How can something like the Holocaust happen?


Many speculate on how an advanced country like Germany in the 20th century could’ve conceived such an atrocious event as the Holocaust where an estimated 11 million people were eradicated in a nonsensical genocide.  One of the main explanations on why Hitler’s vision of a world without Jews started to become a reality was because of the simplification of differences, Good vs. Bad and Right vs. Wrong.  

Propaganda played a critical role in creating this anti-Semitism philosophy, the use of this tactic created fear which led to anger and eventually to hate. These ideologies become quite rooted in the people of Germany; Propaganda went as far as creating Children’s books such as The Poisonous Mushroom by Julius Streicher's Der Stürmer-Verlag which fortified anti-Semitism ideas. Like many other propaganda products The Poisonous Mushroom  took full advantage of using Jewish Stereotypes like “The Jewish nose is crooked at its tip” to try and illustrate how different and alien the Jews were. In addition the title itself The Poisonous Mushroom portrays Jews as a poison, a fungi spreading. The Nazis pointing out these stereotypes was an effective way to alienate them from the rest of the population and further contribute to the rise of anti-Semitism.

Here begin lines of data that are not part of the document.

theorem mainTheorem12:
  fixes a b rho :: real and P1 P2 P3 :: pt
  assumes "a > b" "b > 0" "rho > 0"
    and "three_periodic a b P1 P2 P3"
  defines "c \<equiv> sqrt (a\<^sup>2 - b\<^sup>2)"
    and "\<delta> \<equiv> sqrt (a ^ 4 - a\<^sup>2 * b\<^sup>2 + b ^ 4)"
  defines "f1 \<equiv> (- c, 0)"
  defines "Q1 \<equiv> invert f1 rho P1" and "Q2 \<equiv> invert f1 rho P2" and "Q3 \<equiv> invert f1 rho P3"
  shows "cos (tri_angle Q1 Q2 Q3) + cos (tri_angle Q2 Q3 Q1) + cos (tri_angle Q3 Q1 Q2)
         = \<delta> * (a\<^sup>2 + c\<^sup>2 - \<delta>) / (a\<^sup>2 * c\<^sup>2)"
proof -
  have "a > 0" and c: "c\<^sup>2 = a\<^sup>2 - b\<^sup>2" "c > 0" "c < a"
    using assms(1,2) power_strict_mono[of b a 2] unfolding c_def by (auto intro: real_less_lsqrt)
  obtain X1 Y1 X2 Y2 X3 Y3 s where P: "P1 = (a * X1, b * Y1)" "P2 = (a * X2, b * Y2)" "P3 = (a * X3, b * Y3)"
    and u: "X1\<^sup>2 + Y1\<^sup>2 = 1" "X2\<^sup>2 + Y2\<^sup>2 = 1" "X3\<^sup>2 + Y3\<^sup>2 = 1"
    and d: "(X1, Y1) \<noteq> (X2, Y2)" "(X2, Y2) \<noteq> (X3, Y3)" "(X3, Y3) \<noteq> (X1, Y1)"
    and "s > 0" and caustic: "1 - X2 * X3 - Y2 * Y3 = s * (a\<^sup>2 + b\<^sup>2 - (a\<^sup>2 - b\<^sup>2) * (X2 * X3 - Y2 * Y3))"
      "1 - X3 * X1 - Y3 * Y1 = s * (a\<^sup>2 + b\<^sup>2 - (a\<^sup>2 - b\<^sup>2) * (X3 * X1 - Y3 * Y1))"
      "1 - X1 * X2 - Y1 * Y2 = s * (a\<^sup>2 + b\<^sup>2 - (a\<^sup>2 - b\<^sup>2) * (X1 * X2 - Y1 * Y2))"
    using three_periodic_caustic[OF \<open>a > 0\<close> assms(2,4)] by blast
  define g where "g = s * c\<^sup>2"
  note closure = ellipse_caustic_closure[OF u d \<open>s > 0\<close> _ c(1) caustic, folded g_def]
  have \<delta>_eq: "\<delta> = (g * c\<^sup>2 + 2 * a\<^sup>2 - c\<^sup>2) / 2"
    unfolding \<delta>_def using assms(2) c(2) \<open>s > 0\<close> closure(3)
    by (intro sqrt_quartic_eq_caustic[OF c(1)]) (auto simp: g_def)
  have R_pos: "a + c * X1 > 0" "a + c * X2 > 0" "a + c * X3 > 0"
    using ellipse_focal_distance(2)[OF _ c(1) _ c(3)] u c(2) by auto
  have R: "norm (P1 - f1) = a + c * X1" "norm (P2 - f1) = a + c * X2" "norm (P3 - f1) = a + c * X3"
    unfolding P f1_def using ellipse_focal_distance(1)[OF _ c(1) _ c(3)] u c(2) by auto
  note chord_pos = unit_circle_chord_pos[OF u(2,3) d(2)] unit_circle_chord_pos[OF u(3,1) d(3)]
    unit_circle_chord_pos[OF u(1,2) d(1)]
  have L: "norm (P2 - P3) = (1 - X2 * X3 - Y2 * Y3) / sqrt s"
    "norm (P3 - P1) = (1 - X3 * X1 - Y3 * Y1) / sqrt s"
    "norm (P1 - P2) = (1 - X1 * X2 - Y1 * Y2) / sqrt s"
    unfolding P using \<open>s > 0\<close>
      ellipse_chord_norm_caustic[OF u(2,3) less_imp_le[OF chord_pos(1)] _ caustic(1)]
      ellipse_chord_norm_caustic[OF u(3,1) less_imp_le[OF chord_pos(2)] _ caustic(2)]
      ellipse_chord_norm_caustic[OF u(1,2) less_imp_le[OF chord_pos(3)] _ caustic(3)]
    by simp_all
  have "cos (tri_angle Q1 Q2 Q3) + cos (tri_angle Q2 Q3 Q1) + cos (tri_angle Q3 Q1 Q2)
      = cos_sum_sides (norm (P2 - P3) * norm (P1 - f1)) (norm (P3 - P1) * norm (P2 - f1))
          (norm (P1 - P2) * norm (P3 - f1))"
    unfolding Q1_def Q2_def Q3_def using assms(3) R R_pos by (intro cos_sum_invert) auto
  also have "\<dots> = cos_sum_sides (1 / sqrt s * ((1 - X2 * X3 - Y2 * Y3) * (a + c * X1)))
      (1 / sqrt s * ((1 - X3 * X1 - Y3 * Y1) * (a + c * X2)))
      (1 / sqrt s * ((1 - X1 * X2 - Y1 * Y2) * (a + c * X3)))"
    unfolding L R by simp
  also have "\<dots> = cos_sum_sides ((1 - X2 * X3 - Y2 * Y3) * (a + c * X1))
      ((1 - X3 * X1 - Y3 * Y1) * (a + c * X2)) ((1 - X1 * X2 - Y1 * Y2) * (a + c * X3))"
    using \<open>s > 0\<close> by (intro cos_sum_sides_scale) simp
  also have "\<dots> = \<delta> * (a\<^sup>2 + c\<^sup>2 - \<delta>) / (a\<^sup>2 * c\<^sup>2)"
    unfolding \<delta>_eq using \<open>a > 0\<close> c(2) chord_pos R_pos
    by (intro focal_weights_cos_sum[OF u _ _ _ _ _ closure]) auto
  finally show ?thesis .
qed
definition rot_num :: "(complex \<times> complex \<Rightarrow> complex \<times> complex) \<Rightarrow> real" where
  "rot_num T = (THE \<rho>. \<exists>F. is_lift T F \<and>
     (\<exists>r. frac r = \<rho> \<and>
        (\<forall>\<theta> x. (\<lambda>n. (snd ((F ^^ n) (\<theta>, x)) - x) / real n) \<longlonglongrightarrow> r)))"

definition qcurve_lift :: "nat \<Rightarrow> int \<Rightarrow> (complex \<times> complex) set \<Rightarrow> (real \<Rightarrow> real) \<Rightarrow> bool" where
  "qcurve_lift q k C g \<longleftrightarrow>
     continuous_on UNIV g \<and>
     (\<forall>t. g (t + real q) - g t = of_int k) \<and>
     (\<forall>j\<in>{1..<q}. \<forall>t. g (t + real j) - g t \<notin> \<int>) \<and>
     C = (\<lambda>t. pi2 (t, g t)) ` UNIV"

definition q_arcs :: "nat \<Rightarrow> complex set \<Rightarrow> bool" where
  "q_arcs q A \<longleftrightarrow>
     (\<exists>a b :: nat \<Rightarrow> real.
        (\<forall>i<q. a i < b i \<and> b i \<le> a i + 1) \<and>
        disjoint_family_on (\<lambda>i. circ ` {a i<..<b i}) {..<q} \<and>
        A = (\<Union>i<q. circ ` {a i<..<b i}))"

definition tube1 :: "(complex \<times> complex \<Rightarrow> complex \<times> complex) \<Rightarrow> nat \<Rightarrow> (complex \<times> complex) set \<Rightarrow> bool" where
  "tube1 S q U \<longleftrightarrow>
     0 < q \<and> U \<subseteq> torus \<and> openin (top_of_set torus) U \<and> S ` U = U \<and> connected U \<and>
     (\<forall>z\<in>S1. q_arcs q (tfibre U z))"

text \<open>p,q-invariant open tube for T with first piece U1; the tube is
  U = (\<Union>i<p. (T^^i) ` U1), the pieces being U^(i+1) = (T^^i) ` U1.\<close>
definition pq_tube :: "(complex \<times> complex \<Rightarrow> complex \<times> complex) \<Rightarrow> nat \<Rightarrow> nat \<Rightarrow> (complex \<times> complex) set \<Rightarrow> bool" where
  "pq_tube T p q U1 \<longleftrightarrow>
     0 < p \<and> tube1 (T ^^ p) q U1 \<and>
     disjoint_family_on (\<lambda>i. (T ^^ i) ` U1) {..<p}"

text \<open>The p,q-invariant open tube with first piece U1 has winding number k and jumping
  number l (indices 0-based: piece i is (T^^i) ` U1, lift h i j corresponds to
  the paper's hat-gamma^(i+1)_(j+1)).\<close>
definition tube_wind_jump ::
  "real \<Rightarrow> (complex \<times> complex \<Rightarrow> complex \<times> complex) \<Rightarrow> nat \<Rightarrow> nat \<Rightarrow> int \<Rightarrow> nat \<Rightarrow> (complex \<times> complex) set \<Rightarrow> bool" where
  "tube_wind_jump \<omega> T p q k l U1 \<longleftrightarrow>
     pq_tube T p q U1 \<and>
     (\<exists>(C :: nat \<Rightarrow> (complex \<times> complex) set) (h :: nat \<Rightarrow> nat \<Rightarrow> real \<Rightarrow> real) m n F.
        (\<forall>i<p. C i \<subseteq> (T ^^ i) ` U1 \<and>
           (\<forall>z\<in>S1. \<forall>c\<in>components (tfibre ((T ^^ i) ` U1) z). card (c \<inter> tfibre (C i) z) = 1) \<and>
           (\<forall>j<q. qcurve_lift q k (C i) (h i j) \<and> 0 \<le> h i j 0 \<and> h i j 0 < 1)) \<and>
        (\<forall>i j i' j'. i < p \<longrightarrow> j < q \<longrightarrow> i' < p \<longrightarrow> j' < q \<longrightarrow>
           i + j * p < i' + j' * p \<longrightarrow> h i j 0 < h i' j' 0) \<and>
        m < p \<and> n < q \<and>
        is_lift T F \<and> (\<forall>\<theta> x. fst (F (\<theta>, x)) = \<theta> + \<omega>) \<and>
        F ` connected_component_set (pi2 -` U1) (0, h 0 0 0)
          = connected_component_set (pi2 -` ((T ^^ m) ` U1)) (0, h m n 0) \<and>
        l = m + n * p)"

end

theory Submission
  imports Defs
begin

text \<open>Lift the tube to the plane. Its components are strips, one around each lift of the
  curves \<gamma>^i; enumerated by their height over \<theta> = 0, the N-th strip follows a curve of
  slope k/q at height about N/(pq), and translation by 1 in the fibre shifts the enumeration
  by pq. A lift F of T maps strips onto strips preserving their order, commutes with this
  translation and, by definition of the jumping number, maps strip 0 into strip l; hence it
  maps strip N into strip N + l. So F^n(\<theta>, x) stays at bounded distance from the curve of
  index n l over \<theta> + n \<omega>, whose height is k (\<theta> + n \<omega>)/q + n l/(pq) up to a bounded
  error, and the rotation number is k \<omega>/q + l/(pq).

  Conversely, irrationality of \<omega> separates k/q from l/(pq) modulo 1; k/q is in lowest terms
  because a q-curve is not invariant under a smaller shift, 0 \<le> l < pq, and l \<equiv> 1 (mod p)
  when p > 1 because T maps the first piece of the tube to the second.\<close>

section \<open>The circle and the torus\<close>

lemma circ_eq_1_iff: "circ x = 1 \<longleftrightarrow> x \<in> \<int>"
proof -
  have "circ x = 1 \<longleftrightarrow> (\<exists>n::int. 2 * pi * x = of_int (2 * n) * pi)"
    unfolding circ_def exp_eq_1 by simp
  also have "\<dots> \<longleftrightarrow> x \<in> \<int>" by (auto elim!: Ints_cases)
  finally show ?thesis .
qed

                The elimination of Jews and other minorities became an actuality not only because the Nazi’s put forth tremendous effort in the genocide but also because there was no opposition to the Nazi regime. The many bystanders of the Holocaust did not intervene for several reasons such as: they feared the consequences, many believed in the anti-Semitism ideas, but many did not speak out because they were not the victims therefore it was not their place to get involved. This is clearly demonstrated in the Poem First They Came by Martin Niemoller who was eventually thrown into a concentration camp. The poem expresses how even though the minorities were being persecuted he was not one of them, they were different, “I did not speak out—because I was not a Jew;” But the continuing silence of the bystanders only allowed the Nazis to continue the crimes, “Then they came for me—and there was no one left to speak out for me.”, shows that ignoring the atrocities did not exclude him from them.

                Unconceivable events such as the Holocaust continue to take place today which only further confirms the fact that differences whether it is race, religion, or social status, continues to cause conflicts. The Rwanda Genocide was a most recent event where nearly 800,000 people were murdered because of social differences between the Tutsis and the Hutus.  The artifact is an interview of a Rwandan Genocide survivor: Immaculee Illibagiza who recalls the horrors of the event where the minority Tutsis was “slaughtered in their tracks”. Like the Holocaust the Rwandan genocide was caused by one group thinking it was superior over the other which led to tension and eventually mass murder.